Think of your team members and colleagues as if they were freelancers. When we contract out work, we think clearly about what is to be done, by whom, under which conditions, and with which tool.

Improper specs and unclear instructions will lead to poor outcomes.

Companies that use freelance workers gain practice in core tasks that actually lower stress at work according to the World Health Organization: clear tasks at the right skill level that the individual can perform when it suits her/him best at an appropriate remuneration — with the ability to walk away and find a better client if mishandled.

(Re)meet your colleagues, employees, and business partners. Because the pandemic has us out of sync, out of balance, and out of sorts, we need to be willing to share who we are now, how we work, and how much pressure we can tolerate.

We must take the time to understand how others have been changed by the pandemic experience, too. What worked for them before may no longer; the same level of stress and responsibility may now be too much.

To alleviate stress, be more explicit about what can be done and changed (with lots of hard work) and what can’t. If top leaders communicate more clearly what is within and beyond the control of their middle management teams, these will feel more supported and appreciated. Covid times call for clear and transparent communication. Being delegated projects with poor visibility adds unnecessary stress to the already heavy workload of middle managers managing up and down.

Similarly, focus on what is necessary, versus what has always been done. Many US colleges and universities during the pandemic in the US dropped standardized testing requirements — and some will continue doing so.

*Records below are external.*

(* Let $n\in\mathbb{R}^+\cup\{0\}$, $f\in D_{HK}$, and let $F\in C_0$ be the primitive of $f$. Then $$\mathcal{J}_a^{n}f=D(\mathcal{J}_a^{n}F).$$ Consequently, for every $j\in\mathbb{N}$ and $\phi\in\mathcal{D}(a,b)$, $$\langle D^{j}(\mathcal{J}_a^{n}f),\phi\rangle=(-1)^{j+1}\langle\mathcal{J}_a^{n}F,\phi^{(j+1)}\rangle.$$ Moreover, with $m=\lceil n\rceil$, $\mathcal{D}^{n}_af=D^{m+1}\mathcal{J}_a^{m-n}F$. For $0<n<1$, $\mathcal{D}^n_aF$ is a temperate distribution and $\mathcal{D}^n_aF=\mathcal{J}_a^{1-n}f$.
   Context: Fix real numbers $a<b$. $\mathcal{D}(a,b)$ is the space of real $C^\infty$ functions with compact support in $(a,b)$, $\mathcal{D}'(a,b)$ the space of distributions on $(a,b)$, $\langle T,\phi\rangle$ the action of a distribution on a test function (for integrable $T$, $\langle T,\phi\rangle=\int_a^b T\phi$), $D$ the distributional derivative and $D^m$ its $m$-fold iterate. Let $C_0=\{F\in C[a,b]:F(a)=0\}$. A distribution $f\in\mathcal{D}'(a,b)$ is Henstock–Kurzweil integrable if there is $F\in C_0$ with $DF=f$ (such $F$ is unique, the primitive of $f$); its distributional Henstock–Kurzweil integral is $\int_c^d f=F(d)-F(c)$. $D_{HK}$ is the space of these distributions with the Alexiewicz norm $\|f\|_A=\sup_{x\in[a,b]}|F(x)|$; it is a Banach space containing $L^1[a,b]$ as a dense subspace and containing $C[a,b]$. Riemann–Liouville fractional integral on $D_{HK}$: for $n\ge 1$, $\mathcal{J}_a^nf(x)=\frac{1}{\Gamma(n)}\int_a^x(x-t)^{n-1}f(t)\,dt$ ($a\le x\le b$); for $0<n<1$, $\mathcal{J}_a^nf(x)=\frac{1}{\Gamma(n)}\lim_{k\to\infty}\int_a^x(x-t)^{n-1}f_k(t)\,dt$ with $(f_k)\subset L^1[a,b]$, $\|f_k-f\|_A\to0$; $\mathcal{J}_a^0=I$. Riemann–Liouville fractional derivative: for $n\ge0$ and $m=\lceil n\rceil$ (least integer $\ge n$), $\mathcal{D}_a^nf=D^m\mathcal{J}_a^{m-n}f\in\mathcal{D}'(a,b)$, $\mathcal{D}_a^0=I$. *)

theory Defs
  imports "HOL-Analysis.Analysis"
begin

text \<open>Distributions on (a,b) are modelled as real functionals on real functions;
  only their values on test functions matter (equality of distributions = distr_eq).\<close>

type_synonym distr = "(real \<Rightarrow> real) \<Rightarrow> real"

definition smooth_fun :: "(real \<Rightarrow> real) \<Rightarrow> bool" where
  "smooth_fun \<phi> \<longleftrightarrow>
     (\<forall>k x. ((deriv ^^ k) \<phi> has_real_derivative (deriv ^^ Suc k) \<phi> x) (at x))"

The Los Angeles School district has dropped advanced math requirements, because the district claimed it hurt students of color’s potential to do well in school. Similarly, companies have been taking a look at assumptions around job credentials and expectations for promotions.

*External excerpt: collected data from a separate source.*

(* Assume the setting described in the context and let $\theta\in\mathbb R^{\mathfrak d}$. Then $$\langle(\nabla V)(\theta),\mathcal G(\theta)\rangle=4L\Big[\int_{[a,b]^{\ell_0}}\big\langle\mathcal N^{L,\theta}_\infty(x)-f(x),\mathcal N^{L,\theta}_\infty(x)-f(0)\big\rangle\,\mu(dx)\Big].$$
   Context: Setting. Let $L,\mathfrak d\in\mathbb N=\{1,2,\dots\}$, $(\ell_k)_{k\in\mathbb N_0}\subseteq\mathbb N$, $a\in\mathbb R$, $b\in(a,\infty)$, $\mathscr A\in(0,\infty)$, $\mathscr B\in(\mathscr A,\infty)$ with $\mathfrak d=\sum_{k=1}^L\ell_k(\ell_{k-1}+1)$; let $\mathbf d_k=\sum_{h=1}^k\ell_h(\ell_{h-1}+1)$ for $k\in\mathbb N_0$. For $\theta=(\theta_1,\dots,\theta_{\mathfrak d})\in\mathbb R^{\mathfrak d}$, $k\in\{1,\dots,L\}$, $i\in\{1,\dots,\ell_k\}$, $j\in\{1,\dots,\ell_{k-1}\}$ let $\mathfrak w^{k,\theta}_{i,j}=\theta_{(i-1)\ell_{k-1}+j+\mathbf d_{k-1}}$ and $\mathfrak b^{k,\theta}_i=\theta_{\ell_k\ell_{k-1}+i+\mathbf d_{k-1}}$, let $\mathfrak w^{k,\theta}=(\mathfrak w^{k,\theta}_{i,j})_{i,j}\in\mathbb R^{\ell_k\times\ell_{k-1}}$, $\mathfrak b^{k,\theta}=(\mathfrak b^{k,\theta}_1,\dots,\mathfrak b^{k,\theta}_{\ell_k})\in\mathbb R^{\ell_k}$, and $\mathcal A^\theta_k\colon\mathbb R^{\ell_{k-1}}\to\mathbb R^{\ell_k}$, $\mathcal A^\theta_k(x)=\mathfrak b^{k,\theta}+\mathfrak w^{k,\theta}x$. Let $\mathscr R_\infty(x)=\max\{x,0\}$ and let $\mathscr R_r\colon\mathbb R\to\mathbb R$, $r\in[1,\infty)$, satisfy for all $r\in[1,\infty)$: $\mathscr R_r\in C^1(\mathbb R,\mathbb R)$, $\mathscr R_r(x)=0$ for all $x\le\mathscr A r^{-1}$, $0\le\mathscr R_r(y)\le\max\{y,0\}$ for all $y\in\mathbb R$, $\mathscr R_r(z)=z$ for all $z\ge\mathscr B r^{-1}$; assume $\sup_{r\in[1,\infty)}\sup_{x\in\mathbb R}|(\mathscr R_r)'(x)|<\infty$. $\|\cdot\|$, $\langle\cdot,\cdot\rangle$ are the Euclidean norm and scalar product on each $\mathbb R^n$; for $r\in[1,\infty]$, $\mathfrak M_r(x_1,\dots,x_n)=(\mathscr R_r(x_1),\dots,\mathscr R_r(x_n))$. For $r\in[1,\infty]$, $\theta\in\mathbb R^{\mathfrak d}$ define $\mathcal N^{k,\theta}_r\colon\mathbb R^{\ell_0}\to\mathbb R^{\ell_k}$, $k\in\{1,\dots,L\}$, by $\mathcal N^{1,\theta}_r=\mathcal A^\theta_1$ and $\mathcal N^{k+1,\theta}_r(x)=\mathcal A^\theta_{k+1}(\mathfrak M_{r^{1/k}}(\mathcal N^{k,\theta}_r(x)))$ (with $\infty^{1/k}=\infty$). Let $\mu$ be a measure on the Borel $\sigma$-algebra of $[a,b]^{\ell_0}$ with $\mu([a,b]^{\ell_0})\in\mathbb R$, let $f=(f_1,\dots,f_{\ell_L})\colon\mathbb R^{\ell_0}\to\mathbb R^{\ell_L}$ be measurable (only its values on $[a,b]^{\ell_0}$ and the value $f(0)$ enter), and for $r\in[1,\infty]$ let $\mathcal L_r\colon\mathbb R^{\mathfrak d}\to\mathbb R$ be given by $\mathcal L_r(\theta)=\int_{[a,b]^{\ell_0}}\|\mathcal N^{L,\theta}_r(x)-f(x)\|^2\,\mu(dx)$ (these integrals are real numbers as part of the setting). Let $\mathcal G\colon\mathbb R^{\mathfrak d}\to\mathbb R^{\mathfrak d}$ satisfy $\mathcal G(\theta)=\lim_{r\to\infty}(\nabla\mathcal L_r)(\theta)$ for every $\theta$ for which $((\nabla\mathcal L_r)(\theta))_{r\in[1,\infty)}$ is convergent as $r\to\infty$. Let $V\colon\mathbb R^{\mathfrak d}\to\mathbb R$, $V(\theta)=\big[\sum_{k=1}^L\big(k\|\mathfrak b^{k,\theta}\|^2+\sum_{i=1}^{\ell_k}\sum_{j=1}^{\ell_{k-1}}|\mathfrak w^{k,\theta}_{i,j}|^2\big)\big]-2L\langle f(0),\mathfrak b^{L,\theta}\rangle$. *)

theory Defs
  imports "HOL-Analysis.Analysis"
begin

text \<open>Parameter vectors theta in R^dd are elements of real^'d, where the coordinates
  are enumerated by a bijection idx from {1..dd} onto the finite index type 'd;
  theta_i is theta $ idx i.  Layer vectors in R^(l k) are functions nat => real,
  whose entries 1..l k are meaningful.\<close>

definition dsum :: "(nat \<Rightarrow> nat) \<Rightarrow> nat \<Rightarrow> nat" where
  "dsum l k = (\<Sum>h = 1..k. l h * (l (h - 1) + 1))"

definition wgt :: "(nat \<Rightarrow> nat) \<Rightarrow> (nat \<Rightarrow> 'd) \<Rightarrow> real^'d \<Rightarrow> nat \<Rightarrow> nat \<Rightarrow> nat \<Rightarrow> real" where
  "wgt l idx \<theta> k i j = \<theta> $ idx ((i - 1) * l (k - 1) + j + dsum l (k - 1))"

definition bias :: "(nat \<Rightarrow> nat) \<Rightarrow> (nat \<Rightarrow> 'd) \<Rightarrow> real^'d \<Rightarrow> nat \<Rightarrow> nat \<Rightarrow> real" where
  "bias l idx \<theta> k i = \<theta> $ idx (l k * l (k - 1) + i + dsum l (k - 1))"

A top finance manager reported that after two colleagues went half-time to avoid burnout, she transformed how the team operates. Explicit growth targets are gone. Deadlines are more flexible. Finally, the work is now more project- than team-based. “While this enables people to contribute the best they can when they can,” she said, “teamwork and team cohesion suffer.”

Finally, provide safe spaces for resting and thinking. Most of us can’t process information at the speed we did before Covid. Distracted workers need longer to regain focus.

Getting work done and being asked to do your deep work are two very different activities.

Most of the time, there’s only time allocated to the former. Constantly showing that we are productive is exhausting. Weekly updates are better than random “check-ins.”

Photo by LinkedIn Sales Solutions on Unsplash

The end of the workplace as we know it

In 1990, Fortune Magazine headlined the end of the workplace as we know it. We might be there now. There have always been mental health issues at work — we pretended not to see them. Now that they are in the majority, we can’t ignore them and we need to change work for all.

We will need to slow down and accept the Covid impact — in doing so, we might start building organizations that really do promote human sustainability, and not just said they do.